4 Zusammenfassung und Ausblick
Zusammenfassend läßt sich feststellen, daß ein genereller Innovationsbedarf bei der Computerinfrastruktur besteht, der aber vom Mittelstand selbst als solcher erkannt wird, wenngleich die
wirtschaftliche Situation oft ein gewisses Hindernis bildet. Fertigungs betriebe sind allerdings
deutlich weniger aktiv als Handels- und Dienstleistungsunternehmen. Dazu kommt, daß zur Zeit
nicht nur unternehmensinterne Struk turen und Abläufe sondern auch die Beziehungen von "innen
zu außen" in vielen Unternehmen neu gestaltet werden, d.h. es findet eine aktive Umstrukturierung
von Beschaffungs- und Absatzmärkten statt, zu der auch die datentechnische Vorwärts- und
Rückwärtsintegration von Lieferanten und Kunden zählt. So erhalten z.B. die als Warenwirtschaftssysteme bezeichneten technisch-organisatorischen Lösungen im Handel eine wichtige
Bedeutung, welche die innerbetrieblichen Warenströme integrieren, Schnittstellen zu Lieferanten
(z.B. automatische Bestellung und Disposition), zu Banken (z.B. Automatisierung des
Zahlungsverkehrs), zu Marktforschungsunternehmen (z.B. Analyse von Markt- und Verkaufsdaten)
und zu den Kunden (z.B. Selbstbedienung, Kassenterminals für den bargeldlosen Verkauf, OnlineShopping).
Gerade für kleinere und mittlere Unternehmen bieten sich aber durch die weltweite Vernetzung
über das Internet neue Chancen und auch neue Geschäftsfelder. Der Aufwand für eine globale
Präsenz und der Zutritt zu neuen Märkten ist vergleichsweise gering. Auch wenn der Nutzen meist
schwer quantifiziert werden kann, so ist man sich in der Fachwelt relativ einig, daß es in absehbarer
Zeit ein Wettbewerbsnachteil sein wird, nicht online präsent zu sein. Daraus leiten sich natürlich
auch neue Aufgaben für verschiedene Unternehmensbereiche ab, die einerseits die eingesetzte
Technologie, andererseits die Prozeßabläufe betreffen.
Die Darstellung der Geschäftsprozesse mit Hilfe von Prozeßmodellen führt neben der reinen
Dokumentationsfunktion zu einem besseren Verständnis der Prozeßabläufe durch die Beteiligten.
Dadurch wird sowohl das Denken in Prozessen als auch das Verständnis für fachfremde Prozesse
202
gefördert. Bei der Zielfindung für das dargestellte Projekt wurde absichtlich die Erstellung von SollModellen und damit auch Fragen des Reengineering der untersuchten Prozesse ausgeklammert. Mit
der Einführung eines Prozeßmanagements wurde aber klar, daß die Dokumentation der Ist-Prozesse
nur ein erster Schritt hin zu einer kontinuierlichen Verbesserung und Weiterentwicklung der
Prozesse sein kann. Ein Schritt hin zur Identifikation von Schwachstellen im Prozeßablauf wurde
bereits während der Modellierung durch die Dokumentation dieser potentiellen Schwachstellen
getan. Der Einsatz eines sogenannten Prozeßtagebuches sollte dagegen bereits während der
täglichen Arbeit in den Prozessen mögliche Schwachstellen dokumentieren.

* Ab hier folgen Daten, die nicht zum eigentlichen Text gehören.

lemma measure_cell_pos:
  assumes Q: "Q \<in> D j"
  shows "0 < measure mu Q"
proof -
  have "emeasure mu Q \<le> emeasure mu (ball (c j Q) (b * \<delta> powi j))"
    using cell_subset_ball[OF Q] sets_mu by (intro emeasure_mono) auto
  also have "\<dots> < \<infinity>"
    using balls_mu outer_radius_pos by blast
  finally have finite: "emeasure mu Q \<noteq> top"
    by simp
  have "0 < emeasure mu (ball (c j Q) (a * \<delta> powi j))"
    using balls_mu inner_radius_pos by blast
  also have "\<dots> \<le> emeasure mu Q"
    using ball_subset_cell[OF Q] cell_borel[OF Q] sets_mu by (intro emeasure_mono) auto
  finally show ?thesis
    using emeasure_eq_ennreal_measure[OF finite] by simp
qed

lemma finite_neighbours: "finite (neighbours Q)"
proof -
  have "finite {Q'\<in>D j. c j Q' \<in> cball (c j Q) (C * \<delta> powi j)}"
    using finite_metric_dimension_compact_cball[OF finite_dimension] by (rule finite_cells_centred_in)
  then show ?thesis
    by (rule finite_subset[rotated]) (auto simp: neighbours_def dist_commute)
qed

lemma dyad_weight_neighbour: "Q' \<in> neighbours Q \<Longrightarrow> w Q Q' = H Q Q' * (measure mu Q + measure mu Q')"
  by (auto simp: neighbours_def dyad_weight_def dist_commute)

lemma dyad_weight_eq_0: "Q' \<in> D j \<Longrightarrow> Q' \<notin> neighbours Q \<Longrightarrow> w Q Q' = 0"
  by (auto simp: neighbours_def dyad_weight_def dist_commute)

lemma dyad_weight_nonneg: "Q \<in> D j \<Longrightarrow> Q' \<in> D j \<Longrightarrow> 0 \<le> w Q Q'"
  using H_pos by (auto simp: dyad_weight_def less_imp_le)

lemma integral_T_meas:
  assumes "finite J" "J \<subseteq> D j" and "\<And>Q. Q \<in> D j - J \<Longrightarrow> \<phi> (c j Q) = 0"
  shows "(\<integral>x. \<phi> x * g x \<partial>T) = (\<Sum>Q\<in>J. measure mu Q * (\<phi> (c j Q) * g (c j Q)))"
  unfolding T_meas_def using assms
  by (intro integral_point_masses inj_on_centre) auto

lemma S_meas_point_masses:
  "S = density (count_space UNIV)
     (\<lambda>z. \<Sum>i\<in>{i\<in>D j \<times> D j. map_prod (c j) (c j) i = z}. ennreal (case_prod w i))"
proof -
  have "{(Q, Q'). Q \<in> D j \<and> Q' \<in> D j \<and> c j Q = x \<and> c j Q' = y}
      = {i\<in>D j \<times> D j. map_prod (c j) (c j) i = (x, y)}" for x y
    by auto
  then show ?thesis
    unfolding S_meas_def by (simp add: case_prod_beta')
qed

lemma integral_S_meas:
  assumes J: "finite J" "J \<subseteq> D j" and outside_J: "\<And>Q. Q \<in> D j - J \<Longrightarrow> \<phi> (c j Q) = 0"
  shows "(\<integral>z. \<phi> (fst z) * \<Phi> z \<partial>S)
    = (\<Sum>Q\<in>J. \<phi> (c j Q) * (\<Sum>Q'\<in>neighbours Q. w Q Q' * \<Phi> (c j Q, c j Q')))"
proof -
  have inj: "inj_on (map_prod (c j) (c j)) (D j \<times> D j)"
    using inj_on_centre inj_on_centre by (rule map_prod_inj_on)
  have finite_edges: "finite (SIGMA Q:J. neighbours Q)"
    using J(1) finite_neighbours by blast
  have edges: "(SIGMA Q:J. neighbours Q) \<subseteq> D j \<times> D j"
    using J(2) by (auto simp: neighbours_def)
  have outside_edges: "case_prod w i * (\<phi> (fst (map_prod (c j) (c j) i)) * \<Phi> (map_prod (c j) (c j) i)) = 0"
    if "i \<in> D j \<times> D j - (SIGMA Q:J. neighbours Q)" for i
  proof -
    obtain Q Q' where i: "i = (Q, Q')"
      by (cases i)
    with that have "Q \<in> D j" "Q' \<in> D j" "Q \<in> J \<longrightarrow> Q' \<notin> neighbours Q"
      by auto
    then have "\<phi> (c j Q) = 0 \<or> w Q Q' = 0"
      using outside_J dyad_weight_eq_0 by blast
    with i show ?thesis
      by auto
  qed
  have "(\<integral>z. \<phi> (fst z) * \<Phi> z \<partial>S)
      = (\<Sum>(Q, Q')\<in>(SIGMA Q:J. neighbours Q). w Q Q' * (\<phi> (c j Q) * \<Phi> (c j Q, c j Q')))"
    unfolding S_meas_point_masses
    by (subst integral_point_masses[where h = "\<lambda>z. \<phi> (fst z) * \<Phi> z", OF inj _ finite_edges edges outside_edges])
      (auto simp: dyad_weight_nonneg intro!: sum.cong)
  also have "\<dots> = (\<Sum>Q\<in>J. \<phi> (c j Q) * (\<Sum>Q'\<in>neighbours Q. w Q Q' * \<Phi> (c j Q, c j Q')))"
    using J(1) finite_neighbours
    by (simp add: sum.Sigma[symmetric] sum_distrib_left mult.left_commute)
  finally show ?thesis .
qed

Die Erfahrungen bei der Einführung des Prozeßmanagements waren im vorgestellten Beispiel
insgesamt positiv. Es wird daher die vorsichtige Vermutung ausgesprochen, daß bei entsprechender
Anpassung die Instrumente der Prozeßmodellierung auch auf den Mittelstand anwendbar sind. Um
das Wissen über die Prozeßabläufe für möglichst alle Mitarbeiter zugänglich zu machen, wird zur
Zeit am Aufbau eines Process Warehouses gearbeitet (vgl. [Sche98]). Dabei werden die erstellten
Prozeßmodelle in das firmeneigene Intranet integriert. Verbesserungsvorschläge können von allen
direkt oder indirekt am Prozess beteiligten Mitarbeitern an den Process Owner weitergeleitet
werden, der dann im Team über die vorgeschlagene Änderung entscheiden kann. Die aktive
Beteiligung der Mitarbeiter bei solchen Entscheidungen ist Voraussetzung für das Funktionieren
eines solchen Konzepts zur kontinuierlichen Prozeßverbesserung, für das der Aufbau eines Process
Warehouses ein wichtiger Bestandteil ist. Damit wird auch bereits der Grundstein für ein
Wissensmanagement gelegt. Wissensmanagement wird dabei ähnlich wie das Prozeßmanagement
als permanente Aufgabe verstanden, die mehr oder weniger bewußt in jedem Unternehmen
wahrgenommen wird. Für die bewußte und systematische Wahrnehmung dieser Aufgabe wurde ein
erster Vorschlag präsentiert, der in der Praxis erprobt werden soll.